**Required work**
The required response is the number of lines in the entries that include the word "omega", with nothing added.
======== Exercise input ========
lemma upper_minus_lower_partial_moment:
  fixes X :: "'a \<Rightarrow> real"
  assumes "integrable M X"
  shows "(\<integral>\<omega>. max (X \<omega> - t) 0 \<partial>M) - lower_partial_moment M X t = expectation X - t"
proof -
  have "(\<integral>\<omega>. max (X \<omega> - t) 0 \<partial>M) - lower_partial_moment M X t
      = (\<integral>\<omega>. max (X \<omega> - t) 0 - max (- (X \<omega> - t)) 0 \<partial>M)"
    using integrable_shifted_parts[OF assms] by (simp add: lower_partial_moment_def)
  also have "\<dots> = (\<integral>\<omega>. X \<omega> - t \<partial>M)"
    by (rule Bochner_Integration.integral_cong) (auto split: split_max)
  also have "\<dots> = expectation X - t"
    using assms prob_space by simp
  finally show ?thesis .
qed

lemma lower_partial_moment_nonneg:
  fixes X :: "'a \<Rightarrow> real"
  shows "0 \<le> lower_partial_moment M X t"
  unfolding lower_partial_moment_def by (intro Bochner_Integration.integral_nonneg) auto

lemma lower_partial_moment_mono:
  fixes X :: "'a \<Rightarrow> real"
  assumes "integrable M X" "s \<le> t"
  shows "lower_partial_moment M X s \<le> lower_partial_moment M X t"
  unfolding lower_partial_moment_def
  using integrable_shifted_parts[OF assms(1)] assms(2)
  by (intro Bochner_Integration.integral_mono) auto

lemma lower_partial_moment_le_add:
  fixes X :: "'a \<Rightarrow> real"
  assumes "integrable M X" "s \<le> t"
  shows "lower_partial_moment M X t \<le> lower_partial_moment M X s + (t - s)"
proof -
  have "lower_partial_moment M X t \<le> (\<integral>\<omega>. max (- (X \<omega> - s)) 0 + (t - s) \<partial>M)"
    unfolding lower_partial_moment_def
    using integrable_shifted_parts[OF assms(1)] assms(2)
    by (intro Bochner_Integration.integral_mono) auto
  also have "\<dots> = lower_partial_moment M X s + (t - s)"
    using integrable_shifted_parts[OF assms(1)] prob_space by (simp add: lower_partial_moment_def)
  finally show ?thesis .
qed

lemma continuous_lower_partial_moment:
  fixes X :: "'a \<Rightarrow> real"
  assumes "integrable M X"
  shows "continuous_on UNIV (lower_partial_moment M X)"
proof (rule lipschitz_on_continuous_on)
  show "1-lipschitz_on UNIV (lower_partial_moment M X)"
  proof (rule lipschitz_onI)
    fix s t :: real
    show "dist (lower_partial_moment M X s) (lower_partial_moment M X t) \<le> 1 * dist s t"
      using lower_partial_moment_mono[OF assms] lower_partial_moment_le_add[OF assms]
      by (cases s t rule: le_cases) (fastforce simp: dist_real_def)+
  qed simp
qed

lemma expectile_equation_iff:
  fixes X :: "'a \<Rightarrow> real"
  assumes "integrable M X"
  shows "\<tau> * (\<integral>\<omega>. max (X \<omega> - t) 0 \<partial>M) = (1 - \<tau>) * (\<integral>\<omega>. max (- (X \<omega> - t)) 0 \<partial>M)
     \<longleftrightarrow> \<tau> * (t - expectation X) = (2 * \<tau> - 1) * lower_partial_moment M X t"
proof -
  have A: "(\<integral>\<omega>. max (X \<omega> - t) 0 \<partial>M) = lower_partial_moment M X t + expectation X - t"
    using upper_minus_lower_partial_moment[OF assms, of t] by simp
  have "\<tau> * (\<integral>\<omega>. max (X \<omega> - t) 0 \<partial>M) - (1 - \<tau>) * lower_partial_moment M X t
    = (2 * \<tau> - 1) * lower_partial_moment M X t - \<tau> * (t - expectation X)"
    unfolding A by (simp add: algebra_simps)
  then show ?thesis
    unfolding lower_partial_moment_def[symmetric] by (intro iffI) linarith+
qed

lemma expectile_defect_growth:
  fixes X :: "'a \<Rightarrow> real"
  assumes "integrable M X" "0 < \<tau>" "\<tau> < 1" "s \<le> t"
  shows "min \<tau> (1 - \<tau>) * (t - s)
    \<le> (\<tau> * (t - expectation X) - (2 * \<tau> - 1) * lower_partial_moment M X t)
     - (\<tau> * (s - expectation X) - (2 * \<tau> - 1) * lower_partial_moment M X s)"
proof -
  let ?d = "lower_partial_moment M X t - lower_partial_moment M X s"
  have d: "0 \<le> ?d" "?d \<le> t - s"
    using lower_partial_moment_mono[OF assms(1,4)] lower_partial_moment_le_add[OF assms(1,4)]
    by auto
  show ?thesis
  proof (cases "1/2 \<le> \<tau>")
    case True
    then have "(2 * \<tau> - 1) * ?d \<le> (2 * \<tau> - 1) * (t - s)" using d by (intro mult_left_mono) auto
    moreover have "min \<tau> (1 - \<tau>) * (t - s) \<le> (1 - \<tau>) * (t - s)"
      using assms(4) by (intro mult_right_mono) auto
    ultimately show ?thesis by (simp add: algebra_simps)
  next
    case False
    then have "(2 * \<tau> - 1) * ?d \<le> 0" using d by (intro mult_nonpos_nonneg) auto
    moreover have "min \<tau> (1 - \<tau>) * (t - s) \<le> \<tau> * (t - s)"
      using assms(4) by (intro mult_right_mono) auto
    ultimately show ?thesis by (simp add: algebra_simps)
  qed
qed

lemma ex1_expectile_equation:
  fixes X :: "'a \<Rightarrow> real"
  assumes "integrable M X" "0 < \<tau>" "\<tau> < 1"
  shows "\<exists>!t. \<tau> * (t - expectation X) = (2 * \<tau> - 1) * lower_partial_moment M X t"
proof -
  define \<phi> where "\<phi> t = \<tau> * (t - expectation X) - (2 * \<tau> - 1) * lower_partial_moment M X t" for t
  define m where "m = min \<tau> (1 - \<tau>)"
  have m: "m > 0" using assms by (simp add: m_def)
  have growth: "m * (t - s) \<le> \<phi> t - \<phi> s" if "s \<le> t" for s t
    unfolding \<phi>_def m_def using expectile_defect_growth[OF assms that] .
  define K where "K = \<bar>\<phi> (expectation X)\<bar> / m + 1"
  have K: "K > 0" "m * K > \<bar>\<phi> (expectation X)\<bar>"
    using m by (auto simp: K_def field_simps intro: add_nonneg_pos)
  have "\<phi> (expectation X - K) < 0" "0 < \<phi> (expectation X + K)"
    using growth[of "expectation X - K" "expectation X"] growth[of "expectation X" "expectation X + K"] K
    by auto
  moreover have "continuous_on UNIV \<phi>"
    unfolding \<phi>_def
    by (intro continuous_intros continuous_on_compose2[OF continuous_lower_partial_moment[OF assms(1)]]) auto
  ultimately obtain t where "\<phi> t = 0"
    using IVT'[of \<phi> "expectation X - K" 0 "expectation X + K"] K
      continuous_on_subset[of UNIV \<phi> "{expectation X - K..expectation X + K}"]
    by auto
  moreover have "s = t" if "\<phi> s = 0" "\<phi> t = 0" for s t
    using growth[of s t] growth[of t s] m that
    by (cases s t rule: linorder_cases) (auto simp: mult_le_0_iff)
  ultimately have "\<exists>!t. \<phi> t = 0" by blast
  then show ?thesis by (simp add: \<phi>_def)
qed

lemma expectile_equation:
  fixes X :: "'a \<Rightarrow> real"
  assumes "integrable M X" "0 < \<tau>" "\<tau> < 1"
  shows "\<tau> * (expectile M X \<tau> - expectation X)
    = (2 * \<tau> - 1) * lower_partial_moment M X (expectile M X \<tau>)"
proof -
  have "expectile M X \<tau>
      = (THE t. \<tau> * (t - expectation X) = (2 * \<tau> - 1) * lower_partial_moment M X t)"
    unfolding expectile_def expectile_equation_iff[OF assms(1)] ..
  with theI'[OF ex1_expectile_equation[OF assms]] show ?thesis by simp
qed

lemma expectile_half:
  fixes X :: "'a \<Rightarrow> real"
  assumes "integrable M X"
  shows "expectile M X (1/2) = expectation X"
  using expectile_equation[OF assms, of "1/2"] by simp
lemma prenex_disj_pi: "pi k a \<Longrightarrow> pi k b \<Longrightarrow> pi k (prenex_disj a b)"
  by (auto simp: prenex_disj_def intro!: dual_sigma_pi prenex_conj_sigma)

fun prepend :: "'a list \<Rightarrow> (nat \<Rightarrow> 'a) \<Rightarrow> nat \<Rightarrow> 'a" where
  "prepend [] e = e"
| "prepend (u # us) e = u ## prepend us e"

lemma prepend_snoc: "prepend (us @ [x]) e = prepend us (x ## e)"
  by (induct us) auto

lemma prepend_nth: "i < length us \<Longrightarrow> prepend us e i = us ! i"
proof (induct us arbitrary: i)
  case (Cons u us) then show ?case by (cases i) auto
qed simp

lemma prepend_beyond [simp]: "prepend us e (length us + i) = e i"
  by (induct us) auto

lemma prepend_length [simp]: "prepend us e (length us) = e 0"
  using prepend_beyond[of us e 0] by simp

definition bounded_tuple :: "'a struc \<Rightarrow> nat \<Rightarrow> 'a \<Rightarrow> 'a list \<Rightarrow> bool" where
  "bounded_tuple S j G us \<longleftrightarrow> length us = j \<and> set us \<subseteq> univ S \<and> (\<forall>u\<in>set us. ls S u G)"

lemma bounded_tuple_nth: "bounded_tuple S j G us \<Longrightarrow> i < j \<Longrightarrow> us ! i \<in> univ S"
  unfolding bounded_tuple_def by (metis nth_mem subsetD)

fun alls :: "nat \<Rightarrow> fm \<Rightarrow> fm" where
  "alls 0 f = f"
| "alls (Suc m) f = alls m (All f)"

lemma alls_All: "alls m (All f) = All (alls m f)"
  by (induct m arbitrary: f) auto

lemma sat_alls: "sat S e (alls m f) \<longleftrightarrow>
  (\<forall>us. length us = m \<longrightarrow> set us \<subseteq> univ S \<longrightarrow> sat S (prepend us e) f)"
proof (induct m arbitrary: f)
  case (Suc m)
  show ?case
  proof
    assume "sat S e (alls (Suc m) f)"
    then show "\<forall>us. length us = Suc m \<longrightarrow> set us \<subseteq> univ S \<longrightarrow> sat S (prepend us e) f"
      using Suc by (auto simp: length_Suc_conv)
  next
    assume H: "\<forall>us. length us = Suc m \<longrightarrow> set us \<subseteq> univ S \<longrightarrow> sat S (prepend us e) f"
    show "sat S e (alls (Suc m) f)"
      unfolding alls.simps Suc using H[rule_format, of "_ # _"] by auto
  qed
qed simp

lemma pi_Suc_imp_alls: "pi (Suc k) f \<Longrightarrow> \<exists>m g. f = alls m g \<and> sigma k g"
proof (induct f)
  case (All f)
  then obtain m g where "f = alls m g" "sigma k g" by auto
  then have "All f = alls (Suc m) g \<and> sigma k g" by (simp add: alls_All)
  then show ?case by blast
next
  case (Ex f)
  then show ?case by (intro exI[of _ 0] exI[of _ "Ex f"]) auto
qed (intro exI[of _ 0], simp add: sigma_pi_unquantified_iff)+

fun bexs :: "nat \<Rightarrow> nat \<Rightarrow> fm \<Rightarrow> fm" where
  "bexs 0 g f = f"
| "bexs (Suc m) g f = BEx (Var g) (bexs m (Suc g) f)"

lemma sat_bexs: "sat S e (bexs m g f) \<longleftrightarrow> (\<exists>us. bounded_tuple S m (e g) us \<and> sat S (prepend us e) f)"
  unfolding bounded_tuple_def conj_assoc
proof (induct m arbitrary: g e)
  case (Suc m)
  show ?case
  proof
    assume "sat S e (bexs (Suc m) g f)"
    then obtain x us where "x \<in> univ S" "ls S x (e g)" "length us = m" "set us \<subseteq> univ S"
       "\<forall>u\<in>set us. ls S u (e g)" "sat S (prepend us (x ## e)) f"
      using Suc by auto
    then show "\<exists>us. length us = Suc m \<and> set us \<subseteq> univ S \<and> (\<forall>u\<in>set us. ls S u (e g)) \<and> sat S (prepend us e) f"
      by (intro exI[of _ "us @ [x]"]) (auto simp: prepend_snoc)
  next
    assume "\<exists>us. length us = Suc m \<and> set us \<subseteq> univ S \<and> (\<forall>u\<in>set us. ls S u (e g)) \<and> sat S (prepend us e) f"
    then obtain us where H: "length us = Suc m" "set us \<subseteq> univ S" "\<forall>u\<in>set us. ls S u (e g)"
      "sat S (prepend us e) f"
      by blast
    then obtain vs x where us: "us = vs @ [x]" by (metis length_Suc_conv_rev)
    show "sat S e (bexs (Suc m) g f)"
      using H Suc[of "x ## e" "Suc g"] unfolding us by (auto simp: prepend_snoc)
  qed
qed simp

lemma delta0_bexs [simp]: "delta0 (bexs m g f) = delta0 f"
  by (induct m arbitrary: g) auto

text \<open>On a \<open>\<Delta>\<^sub>0\<close> body the bounded quantifier is kept, so that the result is \<open>\<Delta>\<^sub>0\<close>; otherwise it
  becomes an unbounded one, so that \<open>\<Pi>\<^sub>k\<close> bodies give \<open>\<Pi>\<^sub>k\<close> formulas.\<close>
definition ball :: "trm \<Rightarrow> fm \<Rightarrow> fm" where
  "ball t f = (if delta0 f then BAll t f else All (prenex_disj (Neg (Lt (Var 0) (rename_trm Suc t))) f))"

lemma sat_ball: "univ S \<noteq> {} \<Longrightarrow>
    sat S e (ball t f) \<longleftrightarrow> (\<forall>x\<in>univ S. ls S x (evt S e t) \<longrightarrow> sat S (x ## e) f)"
  by (simp add: ball_def)

lemma pi_ball: "pi k f \<Longrightarrow> pi k (ball t f)"
proof (cases "delta0 f")
  case True
  then show ?thesis by (simp add: ball_def delta0_pi)
next
  case False
  assume f: "pi k f"
  then have "k \<noteq> 0" using False by (auto elim: pi.cases)
  moreover have "pi k (prenex_disj (Neg (Lt (Var 0) (rename_trm Suc t))) f)"
    using f by (intro prenex_disj_pi) (simp_all add: delta0_pi)
  ultimately show ?thesis using False by (simp add: ball_def)
qed

fun balls :: "nat \<Rightarrow> nat \<Rightarrow> fm \<Rightarrow> fm" where
  "balls 0 g f = f"
| "balls (Suc m) g f = ball (Var g) (balls m (Suc g) f)"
========
**Task result**
8